Oh fuck this, I am not pulling weeds for the rest of my life. I guess I just have weeds now.
Why are some parts of the new sod not taking to the soil?
Are the sprinklers installed at incorrect intervals?
Okay, I’ve measured the distance between the sprinkler heads. I have no idea what to do with this information.
Boy, I wish I could park my car in my garage, but there’s no room as the garage is COMPLETELY filled with hundreds of cardboard boxes. It’ll take 3-4 months’ worth of garbage day collection to get rid of all these boxes. All of my free time is now spent breaking down cardboard boxes. It’s become my primary hobby.
Wait, what do you mean I need to file for a “homestead exemption”?
AND IT’S PAST THE DUE DATE??
Oh, so I need to get my driver’s license updated with my new address BEFORE I can file for the homestead exemption? Yeah, that should be easy since the Texas DMV has NEVER ONCE sent me a new driver’s license when I’ve requested them for address changes in the past.
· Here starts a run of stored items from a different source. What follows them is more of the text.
lemma one_block_mult_vec:
  assumes "A \<in> carrier_mat n n" "v \<in> carrier_vec (Suc n)"
  shows "one_block n A *\<^sub>v v = vec_first v 1 @\<^sub>v (A *\<^sub>v vec_last v n)"
proof -
  have "v = vec_first v 1 @\<^sub>v vec_last v n"
    using assms(2) vec_first_last_append[of v 1 n] by simp
  then have "one_block n A *\<^sub>v v = one_block n A *\<^sub>v (vec_first v 1 @\<^sub>v vec_last v n)"
    by simp
  also have "\<dots> = vec_first v 1 @\<^sub>v (A *\<^sub>v vec_last v n)"
    unfolding one_block_def using assms by (subst four_block_mat_mult_vec) auto
  finally show ?thesis .
qed

definition adapted_change_of_basis ::
    "complex vec set \<Rightarrow> nat \<Rightarrow> nat \<Rightarrow> complex mat \<Rightarrow> complex mat \<Rightarrow> bool" where
  "adapted_change_of_basis W k n P Q \<longleftrightarrow> k \<le> n \<and>
     P \<in> carrier_mat n n \<and> Q \<in> carrier_mat n n \<and> P * Q = 1\<^sub>m n \<and> Q * P = 1\<^sub>m n \<and>
     (\<forall>w\<in>W. Q *\<^sub>v w \<in> coord_subspace k n) \<and> (\<forall>v\<in>coord_subspace k n. P *\<^sub>v v \<in> W)"

lemma adapted_change_of_basis_zero:
  assumes W: "is_subspace n W" and W0: "W \<subseteq> {0\<^sub>v n}"
  shows "adapted_change_of_basis W 0 n (1\<^sub>m n) (1\<^sub>m n)"
proof -
  have coord_zero: "v = 0\<^sub>v n" if "v \<in> coord_subspace 0 n" for v
    using that by (intro eq_vecI) (auto simp: coord_subspace_def)
  have "0\<^sub>v n \<in> coord_subspace 0 n"
    by (simp add: coord_subspace_def)
  then show ?thesis
    unfolding adapted_change_of_basis_def
    using W0 is_subspace_zero[OF W] by (auto dest: coord_zero)
qed

lemma is_subspace_tail_image:
  assumes W: "is_subspace (Suc n) W" and Q: "Q \<in> carrier_mat (Suc n) (Suc n)"
  shows "is_subspace n ((\<lambda>u. vec_last (Q *\<^sub>v u) n) ` W)"
proof -
  have add: "vec_last (Q *\<^sub>v (u + u')) n = vec_last (Q *\<^sub>v u) n + vec_last (Q *\<^sub>v u') n"
    if "u \<in> W" "u' \<in> W" for u u'
    using Q is_subspace_carrier[OF W] that
    by (intro eq_vecI) (auto simp: vec_last_def mult_add_distrib_mat_vec)
  have smult: "vec_last (Q *\<^sub>v (c \<cdot>\<^sub>v u)) n = c \<cdot>\<^sub>v vec_last (Q *\<^sub>v u) n" if "u \<in> W" for c u
    using Q is_subspace_carrier[OF W] that
    by (intro eq_vecI) (auto simp: vec_last_def mult_mat_vec)
  have "Q *\<^sub>v 0\<^sub>v (Suc n) = 0\<^sub>v (Suc n)"
    using Q by auto
  then have "vec_last (Q *\<^sub>v 0\<^sub>v (Suc n)) n = 0\<^sub>v n"
    by (intro eq_vecI) (auto simp: vec_last_def)
  then have "0\<^sub>v n \<in> (\<lambda>u. vec_last (Q *\<^sub>v u) n) ` W"
    using is_subspace_zero[OF W] by force
  then show ?thesis
    unfolding is_subspace_def
    using is_subspace_add[OF W] is_subspace_smult[OF W] add smult
    by (auto simp flip: add smult)
qed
Piece of cake.
Okay, I need to remember to get up into the attic at least once a month to put a cup of water (or like a cup of water + vinegar or something?) into the air conditioning thing. In no way do I recall the details of what I’m supposed to do.
I can’t get into the attic anyway because it’s currently being blocked by hundreds and hundreds of cardboard boxes.
What the hell is that stuff growing under the mulch in my planter?
Oh, it’s something called “Bermuda grass.” Okayyy… and just what in the HELL am I supposed to do about THAT? Babes, you never told me about this, so I’m choosing to ignore it. Be blessed. 😌
Oh good, my new custom-built couch that took 6 weeks to deliver is finally arriving today!
Why does the couch smell like a pile of oil-soaked rags?
I NEED TO REMEMBER TO REGISTER ALL THE APPLIANCE WARRANTIES WITHIN 90 DAYS AND IF I DON’T I’M SO FUCKED AHHHHHH.
You know what? I think I remember the builder saying some of them needed to be registered within 45 days?? LOL oh well, too late, good luck to those appliances!
How do I clean hard water stains from the shower door?
This cleaning product claims it will remove hard water stains from a shower door.
It does not.
Here’s another product that claims it will remove hard water stains from a shower door.
This one was even worse than the last one and I think the fumes may have poisoned me.
Where did all these flies on the patio come from?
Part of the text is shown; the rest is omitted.